----- Supplied material

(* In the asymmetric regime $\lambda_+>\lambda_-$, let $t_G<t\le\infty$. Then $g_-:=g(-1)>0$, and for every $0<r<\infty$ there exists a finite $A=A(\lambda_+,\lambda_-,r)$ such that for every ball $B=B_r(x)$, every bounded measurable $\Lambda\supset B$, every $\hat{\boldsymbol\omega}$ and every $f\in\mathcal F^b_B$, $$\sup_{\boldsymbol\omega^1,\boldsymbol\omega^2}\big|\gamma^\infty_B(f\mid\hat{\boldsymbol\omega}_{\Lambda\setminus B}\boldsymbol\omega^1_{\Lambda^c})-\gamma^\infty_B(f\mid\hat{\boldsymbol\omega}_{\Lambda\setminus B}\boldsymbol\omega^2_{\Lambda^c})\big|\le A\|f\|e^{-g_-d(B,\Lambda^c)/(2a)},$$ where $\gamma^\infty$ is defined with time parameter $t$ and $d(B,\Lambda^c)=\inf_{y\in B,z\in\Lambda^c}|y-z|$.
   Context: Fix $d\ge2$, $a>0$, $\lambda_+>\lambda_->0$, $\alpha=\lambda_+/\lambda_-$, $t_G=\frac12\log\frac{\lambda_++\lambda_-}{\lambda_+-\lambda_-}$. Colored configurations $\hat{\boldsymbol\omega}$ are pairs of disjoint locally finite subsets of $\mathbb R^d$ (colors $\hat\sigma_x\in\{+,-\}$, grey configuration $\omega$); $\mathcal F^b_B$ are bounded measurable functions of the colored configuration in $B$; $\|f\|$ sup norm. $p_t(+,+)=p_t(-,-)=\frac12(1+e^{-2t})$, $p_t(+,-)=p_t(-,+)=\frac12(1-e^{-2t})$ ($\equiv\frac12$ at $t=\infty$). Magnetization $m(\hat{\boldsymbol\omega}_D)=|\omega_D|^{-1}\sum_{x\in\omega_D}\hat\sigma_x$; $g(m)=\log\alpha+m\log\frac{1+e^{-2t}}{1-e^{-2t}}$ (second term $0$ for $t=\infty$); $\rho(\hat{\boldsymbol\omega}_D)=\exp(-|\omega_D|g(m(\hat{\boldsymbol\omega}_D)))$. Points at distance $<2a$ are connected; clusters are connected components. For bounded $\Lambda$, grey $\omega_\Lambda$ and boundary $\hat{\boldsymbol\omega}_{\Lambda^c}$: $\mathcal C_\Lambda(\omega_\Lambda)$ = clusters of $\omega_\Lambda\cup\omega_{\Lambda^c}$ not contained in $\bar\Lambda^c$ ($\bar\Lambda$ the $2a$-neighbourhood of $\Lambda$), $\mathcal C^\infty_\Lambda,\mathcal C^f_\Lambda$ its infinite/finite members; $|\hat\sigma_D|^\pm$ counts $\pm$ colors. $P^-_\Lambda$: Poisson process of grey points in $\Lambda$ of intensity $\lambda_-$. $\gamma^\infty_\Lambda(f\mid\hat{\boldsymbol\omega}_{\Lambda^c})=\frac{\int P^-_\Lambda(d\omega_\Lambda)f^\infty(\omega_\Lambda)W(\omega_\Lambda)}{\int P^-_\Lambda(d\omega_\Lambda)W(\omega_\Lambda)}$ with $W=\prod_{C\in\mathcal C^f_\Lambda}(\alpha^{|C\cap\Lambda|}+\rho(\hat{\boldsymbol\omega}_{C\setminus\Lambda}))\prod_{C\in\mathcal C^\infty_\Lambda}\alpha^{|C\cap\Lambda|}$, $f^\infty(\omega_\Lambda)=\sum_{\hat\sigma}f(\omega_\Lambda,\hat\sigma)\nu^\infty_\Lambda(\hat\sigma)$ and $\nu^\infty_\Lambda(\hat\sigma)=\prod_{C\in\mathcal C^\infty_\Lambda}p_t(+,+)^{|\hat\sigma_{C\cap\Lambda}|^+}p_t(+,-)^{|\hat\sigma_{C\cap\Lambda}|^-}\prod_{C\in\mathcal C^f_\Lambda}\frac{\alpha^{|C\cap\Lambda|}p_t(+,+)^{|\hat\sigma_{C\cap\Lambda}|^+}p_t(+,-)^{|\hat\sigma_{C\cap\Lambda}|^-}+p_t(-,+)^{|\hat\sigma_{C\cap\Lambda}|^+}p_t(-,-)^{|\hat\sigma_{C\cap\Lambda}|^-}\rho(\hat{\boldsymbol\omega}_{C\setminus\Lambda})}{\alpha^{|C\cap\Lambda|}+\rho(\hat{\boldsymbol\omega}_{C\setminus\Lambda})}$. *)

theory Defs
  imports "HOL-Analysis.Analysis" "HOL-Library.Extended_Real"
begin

----------
----- Supplied material

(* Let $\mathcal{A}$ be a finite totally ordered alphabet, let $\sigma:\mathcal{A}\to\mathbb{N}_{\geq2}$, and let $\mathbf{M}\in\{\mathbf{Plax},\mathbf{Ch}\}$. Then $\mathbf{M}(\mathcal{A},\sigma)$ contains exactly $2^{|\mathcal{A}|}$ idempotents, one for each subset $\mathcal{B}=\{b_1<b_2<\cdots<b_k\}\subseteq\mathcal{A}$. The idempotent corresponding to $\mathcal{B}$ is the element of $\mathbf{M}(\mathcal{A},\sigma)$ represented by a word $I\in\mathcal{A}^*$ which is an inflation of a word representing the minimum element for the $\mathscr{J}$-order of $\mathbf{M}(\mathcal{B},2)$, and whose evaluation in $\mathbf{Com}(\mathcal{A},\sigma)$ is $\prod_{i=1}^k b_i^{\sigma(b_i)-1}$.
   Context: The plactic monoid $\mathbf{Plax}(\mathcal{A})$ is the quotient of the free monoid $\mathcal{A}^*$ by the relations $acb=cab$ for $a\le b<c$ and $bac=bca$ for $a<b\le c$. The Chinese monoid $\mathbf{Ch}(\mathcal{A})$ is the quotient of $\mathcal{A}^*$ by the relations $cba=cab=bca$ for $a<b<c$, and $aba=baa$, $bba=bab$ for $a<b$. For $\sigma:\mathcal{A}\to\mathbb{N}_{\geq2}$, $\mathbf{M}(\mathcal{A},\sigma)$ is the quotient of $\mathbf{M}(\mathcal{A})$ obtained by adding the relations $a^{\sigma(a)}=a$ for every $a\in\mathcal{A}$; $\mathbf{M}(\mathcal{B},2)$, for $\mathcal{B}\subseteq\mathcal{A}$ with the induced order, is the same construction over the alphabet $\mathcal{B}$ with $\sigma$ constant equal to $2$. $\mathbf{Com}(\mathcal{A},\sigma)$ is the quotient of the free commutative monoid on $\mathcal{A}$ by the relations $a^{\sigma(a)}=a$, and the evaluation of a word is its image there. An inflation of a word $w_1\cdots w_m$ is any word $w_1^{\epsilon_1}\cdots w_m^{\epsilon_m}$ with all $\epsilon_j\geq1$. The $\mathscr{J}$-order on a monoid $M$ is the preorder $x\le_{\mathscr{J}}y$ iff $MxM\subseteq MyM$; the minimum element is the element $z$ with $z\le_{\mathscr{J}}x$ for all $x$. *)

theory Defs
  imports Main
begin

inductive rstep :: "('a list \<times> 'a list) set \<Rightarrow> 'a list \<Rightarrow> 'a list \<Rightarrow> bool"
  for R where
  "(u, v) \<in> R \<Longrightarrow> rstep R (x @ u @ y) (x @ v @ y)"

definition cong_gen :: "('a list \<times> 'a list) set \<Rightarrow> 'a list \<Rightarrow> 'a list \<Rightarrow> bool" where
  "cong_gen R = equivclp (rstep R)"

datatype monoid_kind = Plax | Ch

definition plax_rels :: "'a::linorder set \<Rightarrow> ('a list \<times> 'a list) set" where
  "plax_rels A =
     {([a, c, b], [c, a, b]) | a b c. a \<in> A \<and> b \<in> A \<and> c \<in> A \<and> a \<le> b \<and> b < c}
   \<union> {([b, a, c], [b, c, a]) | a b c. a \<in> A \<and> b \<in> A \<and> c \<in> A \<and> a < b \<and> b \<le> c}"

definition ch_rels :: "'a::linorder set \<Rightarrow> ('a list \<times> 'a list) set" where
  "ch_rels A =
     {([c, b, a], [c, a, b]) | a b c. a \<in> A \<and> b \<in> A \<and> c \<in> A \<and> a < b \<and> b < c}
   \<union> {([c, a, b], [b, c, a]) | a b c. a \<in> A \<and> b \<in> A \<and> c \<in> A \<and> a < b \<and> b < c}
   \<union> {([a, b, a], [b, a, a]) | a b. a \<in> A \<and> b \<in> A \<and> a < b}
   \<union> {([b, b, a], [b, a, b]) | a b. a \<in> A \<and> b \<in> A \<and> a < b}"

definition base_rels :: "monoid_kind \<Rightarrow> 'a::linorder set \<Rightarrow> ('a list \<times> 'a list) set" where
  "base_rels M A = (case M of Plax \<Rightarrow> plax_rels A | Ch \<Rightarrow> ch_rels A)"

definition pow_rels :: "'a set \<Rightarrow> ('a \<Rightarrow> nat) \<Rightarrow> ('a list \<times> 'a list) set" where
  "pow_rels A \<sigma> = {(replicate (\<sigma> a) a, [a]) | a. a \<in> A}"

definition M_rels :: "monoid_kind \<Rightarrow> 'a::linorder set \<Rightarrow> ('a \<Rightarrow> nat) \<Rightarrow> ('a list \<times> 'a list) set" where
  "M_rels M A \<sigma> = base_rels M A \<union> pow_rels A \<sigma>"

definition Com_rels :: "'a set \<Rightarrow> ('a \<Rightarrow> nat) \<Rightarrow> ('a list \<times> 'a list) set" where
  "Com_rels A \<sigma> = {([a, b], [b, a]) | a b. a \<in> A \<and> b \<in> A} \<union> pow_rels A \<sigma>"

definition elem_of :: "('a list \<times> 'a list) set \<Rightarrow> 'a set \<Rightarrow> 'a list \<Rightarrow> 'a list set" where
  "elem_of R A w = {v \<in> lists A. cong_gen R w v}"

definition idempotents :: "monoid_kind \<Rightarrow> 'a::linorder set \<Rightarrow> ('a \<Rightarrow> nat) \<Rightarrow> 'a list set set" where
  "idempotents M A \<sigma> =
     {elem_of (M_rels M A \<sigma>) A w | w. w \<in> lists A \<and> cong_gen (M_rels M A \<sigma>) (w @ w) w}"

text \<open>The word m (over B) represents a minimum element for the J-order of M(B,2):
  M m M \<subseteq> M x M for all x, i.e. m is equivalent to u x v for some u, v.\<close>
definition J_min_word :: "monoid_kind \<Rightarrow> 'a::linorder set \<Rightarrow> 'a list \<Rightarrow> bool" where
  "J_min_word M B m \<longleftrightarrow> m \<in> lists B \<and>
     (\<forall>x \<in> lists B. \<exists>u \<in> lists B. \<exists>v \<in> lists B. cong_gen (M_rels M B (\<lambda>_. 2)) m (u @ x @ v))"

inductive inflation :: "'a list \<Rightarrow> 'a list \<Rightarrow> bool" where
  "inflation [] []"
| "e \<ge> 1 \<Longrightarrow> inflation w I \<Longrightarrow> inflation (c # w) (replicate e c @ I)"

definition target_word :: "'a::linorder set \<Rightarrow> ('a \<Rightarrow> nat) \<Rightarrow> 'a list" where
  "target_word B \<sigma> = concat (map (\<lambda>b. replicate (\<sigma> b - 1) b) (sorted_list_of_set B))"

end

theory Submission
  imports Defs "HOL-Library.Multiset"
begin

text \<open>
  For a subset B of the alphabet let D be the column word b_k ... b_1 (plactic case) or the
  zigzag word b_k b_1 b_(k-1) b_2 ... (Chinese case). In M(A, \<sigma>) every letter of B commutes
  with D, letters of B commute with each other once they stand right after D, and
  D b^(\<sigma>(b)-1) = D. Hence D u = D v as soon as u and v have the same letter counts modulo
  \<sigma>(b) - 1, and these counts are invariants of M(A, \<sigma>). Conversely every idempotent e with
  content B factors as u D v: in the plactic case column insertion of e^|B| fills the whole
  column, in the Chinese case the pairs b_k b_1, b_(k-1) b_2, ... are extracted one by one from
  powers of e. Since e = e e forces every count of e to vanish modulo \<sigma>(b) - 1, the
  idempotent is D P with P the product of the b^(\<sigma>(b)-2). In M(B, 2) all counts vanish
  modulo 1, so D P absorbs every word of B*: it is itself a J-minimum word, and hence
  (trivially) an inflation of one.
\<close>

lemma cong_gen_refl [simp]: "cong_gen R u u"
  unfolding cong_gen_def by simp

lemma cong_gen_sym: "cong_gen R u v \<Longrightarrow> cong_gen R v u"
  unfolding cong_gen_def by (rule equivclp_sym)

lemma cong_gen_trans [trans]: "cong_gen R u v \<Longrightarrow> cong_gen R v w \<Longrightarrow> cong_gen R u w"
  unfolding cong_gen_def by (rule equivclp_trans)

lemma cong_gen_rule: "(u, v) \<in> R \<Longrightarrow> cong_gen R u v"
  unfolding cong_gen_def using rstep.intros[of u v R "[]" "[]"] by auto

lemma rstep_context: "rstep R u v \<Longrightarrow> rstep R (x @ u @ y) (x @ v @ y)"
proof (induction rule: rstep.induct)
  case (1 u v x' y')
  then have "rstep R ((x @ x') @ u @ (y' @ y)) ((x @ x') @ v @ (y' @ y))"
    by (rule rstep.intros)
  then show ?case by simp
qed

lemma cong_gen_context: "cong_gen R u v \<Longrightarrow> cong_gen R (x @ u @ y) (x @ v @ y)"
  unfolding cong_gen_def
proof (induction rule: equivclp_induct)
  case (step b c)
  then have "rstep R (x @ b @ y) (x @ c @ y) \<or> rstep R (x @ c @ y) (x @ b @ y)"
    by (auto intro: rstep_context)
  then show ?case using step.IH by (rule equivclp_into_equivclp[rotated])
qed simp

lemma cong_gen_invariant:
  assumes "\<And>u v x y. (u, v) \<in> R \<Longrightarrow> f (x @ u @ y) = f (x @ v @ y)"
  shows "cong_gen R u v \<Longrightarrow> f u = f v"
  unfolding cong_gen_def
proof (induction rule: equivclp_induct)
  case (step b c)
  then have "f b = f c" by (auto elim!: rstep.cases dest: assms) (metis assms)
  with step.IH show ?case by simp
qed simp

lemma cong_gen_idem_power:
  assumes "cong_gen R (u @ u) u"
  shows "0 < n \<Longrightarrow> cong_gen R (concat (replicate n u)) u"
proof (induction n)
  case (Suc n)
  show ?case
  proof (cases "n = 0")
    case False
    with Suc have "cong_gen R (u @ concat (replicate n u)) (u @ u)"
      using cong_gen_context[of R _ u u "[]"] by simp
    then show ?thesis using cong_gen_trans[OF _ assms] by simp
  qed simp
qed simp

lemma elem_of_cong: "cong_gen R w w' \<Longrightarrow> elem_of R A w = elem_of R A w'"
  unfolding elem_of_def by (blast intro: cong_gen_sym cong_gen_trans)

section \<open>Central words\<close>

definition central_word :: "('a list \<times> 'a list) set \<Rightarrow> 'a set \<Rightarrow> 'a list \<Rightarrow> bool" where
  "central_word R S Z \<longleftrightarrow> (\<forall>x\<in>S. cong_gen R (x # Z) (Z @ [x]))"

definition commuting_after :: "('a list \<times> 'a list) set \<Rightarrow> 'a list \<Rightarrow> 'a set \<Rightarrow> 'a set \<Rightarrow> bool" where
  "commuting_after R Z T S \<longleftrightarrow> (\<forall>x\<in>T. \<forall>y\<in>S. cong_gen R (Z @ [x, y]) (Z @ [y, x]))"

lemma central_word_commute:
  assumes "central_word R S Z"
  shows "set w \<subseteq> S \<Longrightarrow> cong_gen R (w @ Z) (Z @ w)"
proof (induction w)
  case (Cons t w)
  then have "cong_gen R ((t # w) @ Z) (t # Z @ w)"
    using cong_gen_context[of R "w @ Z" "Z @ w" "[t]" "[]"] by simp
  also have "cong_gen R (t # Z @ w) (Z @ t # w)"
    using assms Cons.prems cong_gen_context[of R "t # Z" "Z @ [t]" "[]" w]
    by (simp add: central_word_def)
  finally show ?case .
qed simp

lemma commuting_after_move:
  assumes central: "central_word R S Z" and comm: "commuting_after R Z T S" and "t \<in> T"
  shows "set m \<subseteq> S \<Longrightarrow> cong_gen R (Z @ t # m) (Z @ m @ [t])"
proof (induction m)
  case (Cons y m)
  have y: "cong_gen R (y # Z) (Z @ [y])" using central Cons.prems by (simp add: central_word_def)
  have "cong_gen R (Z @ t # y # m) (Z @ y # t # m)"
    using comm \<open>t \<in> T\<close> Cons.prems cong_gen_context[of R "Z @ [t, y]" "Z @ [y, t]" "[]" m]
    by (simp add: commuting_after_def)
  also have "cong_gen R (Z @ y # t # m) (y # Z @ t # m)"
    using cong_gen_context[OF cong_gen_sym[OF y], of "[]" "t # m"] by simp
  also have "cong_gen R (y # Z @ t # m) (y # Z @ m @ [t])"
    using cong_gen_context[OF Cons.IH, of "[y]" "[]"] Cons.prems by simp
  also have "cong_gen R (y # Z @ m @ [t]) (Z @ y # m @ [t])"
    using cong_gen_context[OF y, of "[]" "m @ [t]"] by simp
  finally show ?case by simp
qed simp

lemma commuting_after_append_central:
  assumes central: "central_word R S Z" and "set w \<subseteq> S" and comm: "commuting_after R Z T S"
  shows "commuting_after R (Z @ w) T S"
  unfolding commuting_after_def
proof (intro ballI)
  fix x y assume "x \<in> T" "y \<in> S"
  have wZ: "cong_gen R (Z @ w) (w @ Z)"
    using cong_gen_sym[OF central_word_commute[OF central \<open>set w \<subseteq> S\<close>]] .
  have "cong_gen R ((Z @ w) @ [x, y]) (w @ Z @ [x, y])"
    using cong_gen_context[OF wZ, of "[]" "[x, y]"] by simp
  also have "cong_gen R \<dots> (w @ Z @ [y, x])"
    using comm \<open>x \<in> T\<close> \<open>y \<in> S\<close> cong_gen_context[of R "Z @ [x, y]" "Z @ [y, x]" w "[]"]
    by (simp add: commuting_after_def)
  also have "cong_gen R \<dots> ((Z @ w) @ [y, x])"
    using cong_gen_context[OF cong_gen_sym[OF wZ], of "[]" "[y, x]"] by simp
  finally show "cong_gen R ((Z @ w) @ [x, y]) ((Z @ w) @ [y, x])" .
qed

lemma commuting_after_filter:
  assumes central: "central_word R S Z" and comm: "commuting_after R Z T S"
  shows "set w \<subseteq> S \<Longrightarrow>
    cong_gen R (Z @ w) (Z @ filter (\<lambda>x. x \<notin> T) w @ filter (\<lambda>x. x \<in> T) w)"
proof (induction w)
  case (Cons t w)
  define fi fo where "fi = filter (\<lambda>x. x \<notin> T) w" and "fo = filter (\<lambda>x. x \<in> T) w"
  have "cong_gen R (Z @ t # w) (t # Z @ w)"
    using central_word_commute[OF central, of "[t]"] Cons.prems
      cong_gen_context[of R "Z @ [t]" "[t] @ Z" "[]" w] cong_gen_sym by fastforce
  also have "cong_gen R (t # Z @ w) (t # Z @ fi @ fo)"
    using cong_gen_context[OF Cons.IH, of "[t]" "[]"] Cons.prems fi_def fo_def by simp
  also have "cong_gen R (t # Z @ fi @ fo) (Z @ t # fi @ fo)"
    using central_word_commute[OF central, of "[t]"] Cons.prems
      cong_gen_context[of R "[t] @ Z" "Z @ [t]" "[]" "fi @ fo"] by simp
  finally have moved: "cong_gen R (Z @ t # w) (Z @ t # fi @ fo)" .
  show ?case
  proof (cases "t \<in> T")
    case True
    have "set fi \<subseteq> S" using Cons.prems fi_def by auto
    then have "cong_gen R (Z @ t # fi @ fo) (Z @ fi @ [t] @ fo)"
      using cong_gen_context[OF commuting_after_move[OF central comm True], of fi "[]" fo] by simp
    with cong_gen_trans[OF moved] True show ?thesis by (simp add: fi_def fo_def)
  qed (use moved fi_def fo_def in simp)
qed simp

----------

Look above for the line containing "powers of e.". Output from there through the line containing "unfolding cong_gen_def by simp", exactly and inclusively.

Solution >>
  powers of e. Since e = e e forces every count of e to vanish modulo \<sigma>(b) - 1, the
  idempotent is D P with P the product of the b^(\<sigma>(b)-2). In M(B, 2) all counts vanish
  modulo 1, so D P absorbs every word of B*: it is itself a J-minimum word, and hence
  (trivially) an inflation of one.
\<close>

lemma cong_gen_refl [simp]: "cong_gen R u u"
  unfolding cong_gen_def by simp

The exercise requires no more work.